I am not sure if there is any kind of 'best practice' validation step post-pipeline run, but I personally just trust the Cromwell std err output, so if I see the line Workflow: id=27336d51-bc86-46a6-8d59-bff543d8d73d, status=Succeeded (the id value here will be random every run as it is the workflow UUID) and Cromwell finished successfully. I consider the pipeline run a success. It's always good to do some sanity check by visualizing the output bigwig files and checking the QC html (just open the file on your browser of choice) for things that are out of the ordinary (which I won't get into here - you can read papers like the one from Yan et al. 2020. You asked for a 'positive control' html example, but I don't think such thing is possible because there isn't really one 'correct' atac-seq pipeline output.

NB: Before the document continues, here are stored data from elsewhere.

(* Let $\xi_1,\xi_2,\dots$ be i.i.d. random variables with $E\xi_i=0$ and $E\xi_i^2=\sigma^2<\infty$. Let $\epsilon>0$. Let $k^*=k^*(n)$ be natural numbers with $0<k^*<n$ and $\lim_{n\to\infty}k^*/n=0$, and for each $n$ let $J_{k^*}\subset J=\{1,\dots,n\}$ be any set of $k^*$ distinct indices. Then $$\frac{S_{J\setminus J_{k^*}}}{n^{1/2}(\log n)^{1/2+\epsilon}}\to0\quad\text{a.s.},$$ where $S_{J\setminus J_{k^*}}=\sum_{i\in J\setminus J_{k^*}}\xi_i$.
   Context: For each $n$, $J=\{1,2,\dots,n\}$ and $J_{k^*}$ is an arbitrary set of $k^*$ distinct elements of $J$, where $k^*$ is either a fixed natural number $k$ or a sequence $k(n)$. *)

theory Defs
  imports "HOL-Probability.Probability"
begin

end

theory Submission
  imports Defs "HOL-Real_Asymp.Real_Asymp" "HOL-Library.Discrete_Functions"
begin

text \<open>
  Only independence, centering and a second moment bound \<open>s\<close> are needed, and the index sets
  \<open>A n \<subseteq> {1..n}\<close> may be arbitrary, so the partial sums along \<open>A n\<close> are not a martingale.
  For \<open>2^m \<le> n < 2^(m+1)\<close> truncate every \<open>\<xi>\<^sub>i\<close> at \<open>T\<^sub>m = (2^m/(m+1))\<^sup>1\<^sup>/\<^sup>2\<close>. The centered
  truncated parts obey a Bernstein-type exponential bound, which makes
  \<open>P(|\<Sum>\<^bsub>A n\<^esub> \<dots>| \<ge> \<delta> a\<^sub>n) = O(n\<^sup>-\<^sup>2)\<close> with \<open>a\<^sub>n = 2^(m/2) (m log 2)\<^sup>p\<close>, \<open>p > 1/2\<close>; this is summable
  over \<open>n\<close> whatever the sets \<open>A n\<close> are. The parts above \<open>T\<^sub>m\<close> are dominated, uniformly in
  \<open>A n\<close>, by the sum of their absolute values over \<open>{1..2^(m+1)}\<close>, whose fluctuation Chebyshev bounds by
  \<open>O(m\<^sup>-\<^sup>2\<^sup>p)\<close>, summable over \<open>m\<close>. All means are \<open>O(s 2^m / T\<^sub>m) = o(a\<^sub>n)\<close>. Borel--Cantelli
  finishes the proof, and \<open>a\<^sub>n \<le> n\<^sup>1\<^sup>/\<^sup>2 (log n)\<^sup>p\<close>.
\<close>

lemma exp_le_one_plus_x_plus_square:
  fixes x :: real
  assumes "x \<le> 1"
  shows "exp x \<le> 1 + x + x\<^sup>2"
proof (cases "x \<ge> 0")
  case True
  then show ?thesis using exp_bound assms by blast
next
  case False
  \<comment> \<open>With \<open>y = -x > 0\<close>: \<open>(1 + x + x\<^sup>2) (1 + y) = 1 + y\<^sup>3 \<ge> 1 = exp x * exp y\<close> and \<open>1 + y \<le> exp y\<close>.\<close>
  define y where "y = - x"
  have "0 < y" using False by (simp add: y_def)
  have pos: "0 \<le> 1 + x + x\<^sup>2"
    using zero_le_power2[of "x + 1/2"] by (simp add: power2_eq_square algebra_simps)
  have "exp x * exp y = 1"
    by (simp add: y_def flip: exp_add)
  also have "\<dots> \<le> 1 + y ^ 3"
    using \<open>0 < y\<close> by simp
  also have "\<dots> = (1 + x + x\<^sup>2) * (1 + y)"
    by (simp add: y_def power2_eq_square power3_eq_cube algebra_simps)
  also have "\<dots> \<le> (1 + x + x\<^sup>2) * exp y"
    using pos by (intro mult_left_mono) simp_all
  finally show ?thesis by simp
qed

definition trunc_le :: "real \<Rightarrow> real \<Rightarrow> real" where
  "trunc_le T y = (if \<bar>y\<bar> \<le> T then y else 0)"

definition trunc_gt :: "real \<Rightarrow> real \<Rightarrow> real" where
  "trunc_gt T y = (if \<bar>y\<bar> \<le> T then 0 else y)"

lemma borel_measurable_trunc_le [measurable]: "trunc_le T \<in> borel_measurable borel"
  unfolding trunc_le_def by measurable

lemma borel_measurable_trunc_gt [measurable]: "trunc_gt T \<in> borel_measurable borel"
  unfolding trunc_gt_def by measurable

lemma trunc_le_plus_trunc_gt: "trunc_le T y + trunc_gt T y = y"
  by (simp add: trunc_le_def trunc_gt_def)

lemma abs_trunc_le_le: "\<bar>trunc_le T y\<bar> \<le> \<bar>y\<bar>" "0 \<le> T \<Longrightarrow> \<bar>trunc_le T y\<bar> \<le> T"
  by (auto simp: trunc_le_def)

lemma abs_trunc_gt_le: "\<bar>trunc_gt T y\<bar> \<le> \<bar>y\<bar>"
  by (simp add: trunc_gt_def)

lemma abs_trunc_gt_le_square_div:
  assumes "0 < T"
  shows "\<bar>trunc_gt T y\<bar> \<le> y\<^sup>2 / T"
proof (cases "\<bar>y\<bar> \<le> T")
  case False
  then have "T * \<bar>y\<bar> \<le> \<bar>y\<bar> * \<bar>y\<bar>" by (intro mult_right_mono) auto
  then show ?thesis using False assms by (simp add: trunc_gt_def field_simps power2_eq_square)
qed (simp add: trunc_gt_def)

context prob_space
begin

lemma square_integrable_dominated:
  fixes Y Z :: "'a \<Rightarrow> real"
  assumes [measurable]: "Y \<in> borel_measurable M"
    and "integrable M Z" "integrable M (\<lambda>x. (Z x)\<^sup>2)"
    and dom: "\<And>x. \<bar>Y x\<bar> \<le> \<bar>Z x\<bar>"
  shows "integrable M Y" "integrable M (\<lambda>x. (Y x)\<^sup>2)"
    "expectation (\<lambda>x. (Y x)\<^sup>2) \<le> expectation (\<lambda>x. (Z x)\<^sup>2)"
proof -
  have sq: "(Y x)\<^sup>2 \<le> (Z x)\<^sup>2" for x
    using dom[of x] by (simp add: abs_le_square_iff)
  show Y: "integrable M Y"
    by (rule Bochner_Integration.integrable_bound[OF assms(2)]) (use dom in auto)
  show Y2: "integrable M (\<lambda>x. (Y x)\<^sup>2)"
    by (rule Bochner_Integration.integrable_bound[OF assms(3)]) (use sq in auto)
  show "expectation (\<lambda>x. (Y x)\<^sup>2) \<le> expectation (\<lambda>x. (Z x)\<^sup>2)"
    by (rule integral_mono[OF Y2 assms(3) sq])
qed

By the way, you can find the visualization of the workflow in an svg file generated by croo. Below is one I grabbed from my run to demonstrate how helpful it is.

example visualization of the workflow

As for which IDR-processed output files (narrowPeaks) to use for your downstream analysis, that's something you might need to decide yourself depending on how many biological replicates you did, the nature of the experiment/study, etc. Might be worth discussing with your supervisor. You can also glean what 'overlap', conservative and optimal set means in the pipeline context by checking out the specification here.

Hope this helps at least.

Rafaelsoler13 commented 1 year ago

Thank you for the detailed explanation. It's always a pleasure read answers like this one =)

Rafaelsoler13 commented 10 months ago

Sorry to reopen this issue, but I was still wondering which file I should use for DAR analysis. Should I use the narrowPeak file in the peak/ folder? Or should I use Overlap Peaks / IDR Peaks? Or are they just to check the reproducibility of the peaks? @sufyazi

Thank you!

sufyazi commented 10 months ago

I think the narrowPeak files in the peak folder should be fine to use, though I personally just merge the overlap and IDR peak files and use these instead in my analysis. They are just more stringent peaks. But it might depend on what you want to do/see in your analysis so your mileage may vary and you might be fine just using the less stringent, background-filtered (bfilt) peak set file.